Reflecting on the state of the civil rights movement in 1965, Rustin wrote, “I fail to see how the movement can be victorious in the absence of radical programs for full employment, abolition of slums, the reconstruction of our educational system, new definitions of work and leisure. Adding up the cost of such programs, we can only conclude that we are talking about a refashioning of our political economy.”

From there, civil rights leaders, economists, and unions worked to create the Freedom Budget, released in 1967 by the A. Philip Randolph Institute, where Randolph served as president and Rustin as executive director. The budget sketches out an ambitious economic program for everything from education to monetary policymaking. “For the first time,” its authors stated, “everyone in America who is fit and able to work will have a job. For the first time, everyone who can’t work, or shouldn’t be working, will have an income adequate to live in comfort and dignity. And that is freedom. For freedom from want is the basic freedom from which all others flow.”

In the foreword to the Freedom Budget, Martin Luther King Jr. urged that policies be universal, rather than either means-tested or directed solely at vulnerable populations. As he wrote, “We shall eliminate unemployment for Negroes when we demand full and fair employment for all,” he committed his Southern Christian Leadership Conference to pushing for it. “We must dedicate ourselves to the legislative task to see that it is immediately and fully achieved. I pledge myself to this task and will urge all others to do likewise.”

A close collaborator with Rustin and Randolph, Coretta Scott King first got interested in a job guarantee during her involvement with the Progressive Party in the 1940s, and she continued to carry the torch of that demand long after her husband’s assassination in 1968. Stein and other historians have credited her sustained activism on this front with helping to pull King further to the left over the course of his life and engage more deeply with economic issues. In Memphis, just days after her husband’s death, Scott King marched in support of the striking sanitation workers her husband had died fighting alongside. “Every man,” she said at the time, “deserves a right to a job or an income.” In 1974, she founded the National Committee for Full Employment/Full Employment Action Council to fight for legislation that guaranteed jobs to all Americans. As Stein’s research has highlighted, the organization was instrumental in pushing forward the Humphrey-Hawkins Full Employment Act, which put teeth behind the Fed’s nominal, but at that point, often ignored mandate to “promote full employment and production, increased real income, balanced growth, … adequate productivity growth, proper attention to national priorities, achievement of an improved trade balance, … and reasonable price stability.”

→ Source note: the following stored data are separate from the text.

lemma dependent_image_iff_nontrivial_relation:
  assumes "finite J" "inj_on x J"
  shows "dependent (x ` J) \<longleftrightarrow> (\<exists>u. nontrivial_relation J x u)"
proof
  assume "dependent (x ` J)"
  then obtain w where "\<exists>v\<in>x ` J. w v \<noteq> 0" "(\<Sum>v\<in>x ` J. w v *\<^sub>R v) = 0"
    using assms(1) by (auto simp: dependent_finite)
  then have "nontrivial_relation J x (w \<circ> x)"
    using assms(2) by (auto simp: nontrivial_relation_def sum.reindex)
  then show "\<exists>u. nontrivial_relation J x u" by blast
next
  assume "\<exists>u. nontrivial_relation J x u"
  then obtain u where u: "\<exists>j\<in>J. u j \<noteq> 0" "(\<Sum>j\<in>J. u j *\<^sub>R x j) = 0"
    unfolding nontrivial_relation_def by blast
  define w where "w = u \<circ> the_inv_into J x"
  have w_x: "w (x j) = u j" if "j \<in> J" for j
    using assms(2) that by (simp add: w_def the_inv_into_f_f)
  have "(\<Sum>v\<in>x ` J. w v *\<^sub>R v) = (\<Sum>j\<in>J. u j *\<^sub>R x j)"
    using assms(2) by (simp add: sum.reindex w_x)
  moreover have "\<exists>v\<in>x ` J. w v \<noteq> 0"
    using u(1) w_x by auto
  ultimately show "dependent (x ` J)"
    using assms(1) u(2) by (auto simp: dependent_finite)
qed

lemma nontrivial_relation_exists:
  fixes x :: "'i \<Rightarrow> 'a::euclidean_space"
  assumes "finite J" "DIM('a) < card J"
  shows "\<exists>u. nontrivial_relation J x u"
proof (cases "inj_on x J")
  case True
  then have "dependent (x ` J)"
    using assms by (intro dependent_biggerset) (simp add: card_image)
  then show ?thesis
    using dependent_image_iff_nontrivial_relation[OF assms(1) True] by blast
qed (use nontrivial_relation_if_not_inj_on assms in blast)

lemma linear_combination_if_no_nontrivial_relation:
  fixes x :: "'i \<Rightarrow> 'a::euclidean_space"
  assumes "finite J" "card J = DIM('a)" "\<nexists>u. nontrivial_relation J x u"
  shows "\<exists>c. z = (\<Sum>j\<in>J. c j *\<^sub>R x j)"
proof -
  have inj: "inj_on x J"
    using nontrivial_relation_if_not_inj_on assms(1,3) by blast
  then have "independent (x ` J)"
    using dependent_image_iff_nontrivial_relation[OF assms(1)] assms(3) by blast
  moreover have "card (x ` J) = dim (UNIV :: 'a set)"
    using inj assms(2) by (simp add: card_image)
  ultimately have "span (x ` J) = UNIV"
    using assms(1) card_eq_dim[of "x ` J" UNIV] by auto
  then obtain c where "z = (\<Sum>v\<in>x ` J. c v *\<^sub>R v)"
    using assms(1) by (auto simp: span_finite)
  then have "z = (\<Sum>j\<in>J. (c \<circ> x) j *\<^sub>R x j)"
    using inj by (simp add: sum.reindex)
  then show ?thesis by blast
qed

locale cone_witness_family =
  fixes J :: "'i set" and K :: "'i \<Rightarrow> 'a::real_vector set" and x :: "'i \<Rightarrow> 'a"
  assumes finite: "finite J"
    and cone: "\<And>i. i \<in> J \<Longrightarrow> convex_cone (K i)"
    and pointed: "\<And>i. i \<in> J \<Longrightarrow> pointed_cone (K i)"
    and nonzero: "\<And>j. j \<in> J \<Longrightarrow> x j \<noteq> 0"
    and witness: "\<And>i j. i \<in> J \<Longrightarrow> j \<in> J \<Longrightarrow> j \<noteq> i \<Longrightarrow> x j \<in> K i"
begin

lemma common_vector_if_mixed_signs:
  assumes "(\<Sum>j\<in>J. u j *\<^sub>R x j) = 0" "a \<in> J" "0 < u a" "b \<in> J" "u b < 0"
  shows "\<exists>y. y \<noteq> 0 \<and> (\<forall>i\<in>J. y \<in> K i)"
proof -
  define P where "P = {j\<in>J. 0 < u j}"
  define y where "y = (\<Sum>j\<in>P. u j *\<^sub>R x j)"
  have P: "finite P" "P \<subseteq> J" "a \<in> P" "b \<notin> P"
    using finite assms(2-5) by (auto simp: P_def)
  have "y + (\<Sum>j\<in>J - P. u j *\<^sub>R x j) = 0"
    using assms(1) sum.subset_diff[OF P(2) finite, of "\<lambda>j. u j *\<^sub>R x j"]
    by (simp add: y_def add.commute)
  then have y_rest: "y = (\<Sum>j\<in>J - P. (- u j) *\<^sub>R x j)"
    by (simp add: sum_negf add_eq_0_iff)
  have "y \<noteq> 0"
    unfolding y_def using P assms(4)
    by (intro pointed_cone_sum_nonzero[OF cone pointed]) (auto simp: P_def nonzero intro: witness)
  moreover have "y \<in> K i" if "i \<in> J" for i
  proof (cases "i \<in> P")
    case True
    then show ?thesis unfolding y_rest using that
      by (intro convex_cone_sum[OF cone]) (auto simp: P_def intro: witness)
  next
    case False
    then show ?thesis unfolding y_def using that P(2)
      by (intro convex_cone_sum[OF cone]) (auto simp: P_def intro: witness)
  qed
  ultimately show ?thesis by blast
qed

lemma nonneg_relation_positive:
  assumes "nontrivial_relation J x u" "\<And>j. j \<in> J \<Longrightarrow> 0 \<le> u j" "i \<in> J"
  shows "0 < u i"
proof (rule ccontr)
  assume "\<not> 0 < u i"
  then have ui: "u i = 0" using assms(2,3) by force
  define S where "S = {j\<in>J. u j \<noteq> 0}"
  have "(\<Sum>j\<in>S. u j *\<^sub>R x j) = (\<Sum>j\<in>J. u j *\<^sub>R x j)"
    using finite by (intro sum.mono_neutral_left) (auto simp: S_def)
  also have "\<dots> = 0"
    using assms(1) by (simp add: nontrivial_relation_def)
  finally have "(\<Sum>j\<in>S. u j *\<^sub>R x j) = 0" .
  moreover have "(\<Sum>j\<in>S. u j *\<^sub>R x j) \<noteq> 0"
    using finite assms(1,2) ui
    by (intro pointed_cone_sum_nonzero[OF cone[OF assms(3)] pointed[OF assms(3)]])
       (auto simp: S_def nontrivial_relation_def less_le nonzero intro: witness[OF assms(3)])
  ultimately show False by contradiction
qed

lemma relation_strict_sign:
  assumes "\<nexists>y. y \<noteq> 0 \<and> (\<forall>i\<in>J. y \<in> K i)" "nontrivial_relation J x u"
  shows "(\<forall>j\<in>J. 0 < u j) \<or> (\<forall>j\<in>J. u j < 0)"
proof (cases "\<forall>j\<in>J. 0 \<le> u j")
  case True
  then show ?thesis using nonneg_relation_positive[OF assms(2)] by blast
next
  case False
  then obtain b where b: "b \<in> J" "u b < 0" by force
  have "u j \<le> 0" if "j \<in> J" for j
    using common_vector_if_mixed_signs[of u j b] assms b that
    by (force simp: nontrivial_relation_def)
  moreover have "nontrivial_relation J x (\<lambda>j. - u j)"
    using assms(2) by (simp add: nontrivial_relation_def sum_negf)
  ultimately have "\<forall>j\<in>J. 0 < - u j"
    using nonneg_relation_positive by (metis neg_0_le_iff_le)
  then show ?thesis by simp
qed

lemma positive_relation_if_no_common_vector:
  assumes "\<nexists>y. y \<noteq> 0 \<and> (\<forall>i\<in>J. y \<in> K i)" "nontrivial_relation J x u"
  obtains w where "(\<Sum>j\<in>J. w j *\<^sub>R x j) = 0" "\<And>j. j \<in> J \<Longrightarrow> 0 < w j"
proof -
  consider "\<forall>j\<in>J. 0 < u j" | "\<forall>j\<in>J. u j < 0"
    using relation_strict_sign[OF assms] by blast
  then show thesis
  proof cases
    case 1
    then show thesis using that[of u] assms(2) by (simp add: nontrivial_relation_def)
  next
    case 2
    then show thesis
      using that[of "\<lambda>j. - u j"] assms(2) by (simp add: nontrivial_relation_def sum_negf)
  qed
qed

lemma no_relation_Diff:
  assumes "\<nexists>y. y \<noteq> 0 \<and> (\<forall>i\<in>J. y \<in> K i)" "k \<in> J"
  shows "\<nexists>v. nontrivial_relation (J - {k}) x v"
proof
  assume "\<exists>v. nontrivial_relation (J - {k}) x v"
  then obtain v where "nontrivial_relation J x (\<lambda>j. if j \<in> J - {k} then v j else 0)"
    using nontrivial_relation_zero_extension[OF finite] by blast
  from relation_strict_sign[OF assms(1) this] show False
    using assms(2) by auto
qed

lemma positive_relation_covers:
  assumes "(\<Sum>j\<in>J. w j *\<^sub>R x j) = 0" "\<And>j. j \<in> J \<Longrightarrow> 0 < w j" "J \<noteq> {}"
  shows "(\<Sum>j\<in>J. c j *\<^sub>R x j) \<in> (\<Union>i\<in>J. K i)"
proof -
  define q where "q = Min ((\<lambda>j. c j / w j) ` J)"
  have "q \<in> (\<lambda>j. c j / w j) ` J"
    unfolding q_def using finite assms(3) by (intro Min_in) auto
  then obtain i where i: "i \<in> J" "q = c i / w i" by blast
  define e where "e j = c j - q * w j" for j
  have e_nonneg: "0 \<le> e j" if "j \<in> J" for j
  proof -
    have "q \<le> c j / w j"
      unfolding q_def using finite that by (intro Min_le) auto
    then show ?thesis
      using assms(2)[OF that] by (simp add: e_def pos_le_divide_eq)
  qed
  have "(\<Sum>j\<in>J. e j *\<^sub>R x j) = (\<Sum>j\<in>J. c j *\<^sub>R x j) - q *\<^sub>R (\<Sum>j\<in>J. w j *\<^sub>R x j)"
    by (simp add: e_def scaleR_diff_left sum_subtractf scaleR_sum_right)
  then have "(\<Sum>j\<in>J. c j *\<^sub>R x j) = (\<Sum>j\<in>J. e j *\<^sub>R x j)"
    using assms(1) by simp
  also have "\<dots> = (\<Sum>j\<in>J - {i}. e j *\<^sub>R x j)"
    using i assms(2)[OF i(1)] finite by (simp add: sum.remove e_def)
  also have "\<dots> \<in> K i"
    using e_nonneg i(1) by (intro convex_cone_sum[OF cone]) (auto intro: witness)
  finally show ?thesis using i(1) by blast
qed

end

theorem pointed_cones_common_vector:
  fixes K :: "'i \<Rightarrow> 'a::euclidean_space set"
  assumes J: "finite J" "card J = DIM('a) + 1"
    and cone: "\<And>i. i \<in> J \<Longrightarrow> convex_cone (K i)"
    and pointed: "\<And>i. i \<in> J \<Longrightarrow> pointed_cone (K i)"
    and proper: "(\<Union>i\<in>J. K i) \<noteq> UNIV"
    and drop_one: "\<And>j. j \<in> J \<Longrightarrow> \<exists>y. y \<noteq> 0 \<and> (\<forall>i\<in>J - {j}. y \<in> K i)"
  shows "\<exists>y. y \<noteq> 0 \<and> (\<forall>i\<in>J. y \<in> K i)"
proof (rule ccontr)
  assume no_common: "\<nexists>y. y \<noteq> 0 \<and> (\<forall>i\<in>J. y \<in> K i)"
  obtain x where x: "\<And>j. j \<in> J \<Longrightarrow> x j \<noteq> 0 \<and> (\<forall>i\<in>J - {j}. x j \<in> K i)"
    using drop_one by metis
  interpret cone_witness_family J K x
    using J(1) cone pointed x by unfold_locales auto
  obtain u where u: "nontrivial_relation J x u"
    using nontrivial_relation_exists[OF J(1)] J(2) by auto
  obtain w where w: "(\<Sum>j\<in>J. w j *\<^sub>R x j) = 0" "\<And>j. j \<in> J \<Longrightarrow> 0 < w j"
    using positive_relation_if_no_common_vector[OF no_common u] by blast
  obtain k where k: "k \<in> J" using J(2) by fastforce
  have card_rest: "card (J - {k}) = DIM('a)"
    using J k by simp
  have "z \<in> (\<Union>i\<in>J. K i)" for z
  proof -
    have "\<exists>c. z = (\<Sum>j\<in>J - {k}. c j *\<^sub>R x j)"
      using J(1) no_relation_Diff[OF no_common k]
      by (intro linear_combination_if_no_nontrivial_relation[OF _ card_rest]) simp_all
    then obtain c where "z = (\<Sum>j\<in>J - {k}. c j *\<^sub>R x j)" ..
    also have "\<dots> = (\<Sum>j\<in>J. (if j \<in> J - {k} then c j else 0) *\<^sub>R x j)"
      by (rule sym, rule sum_scaleR_zero_extension[OF J(1)]) blast
    also have "\<dots> \<in> (\<Union>i\<in>J. K i)"
      using k by (intro positive_relation_covers[OF w]) auto
    finally show ?thesis .
  qed
  then show False
    using proper by auto
qed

While hardly a radical proposal in the scope of American history, the demand for a job guarantee does offer a radically different idea of what constitutes “full employment.” Even with the Humphrey-Hawkins Act in place, the Fed has tended to define the term loosely along the lines of something called the nonaccelerating inflation rate of unemployment, or NAIRU, usually set at somewhere around 5.5 percent. The theory posits that unemployment below a certain level — a so-called natural rate of unemployment — will trigger accelerating inflation, potentially putting the economy on a path toward the dark days of double-digit inflation in the late 1970s. But for the millions of people embedded in that 5.5 percent, it doesn’t feel like full employment.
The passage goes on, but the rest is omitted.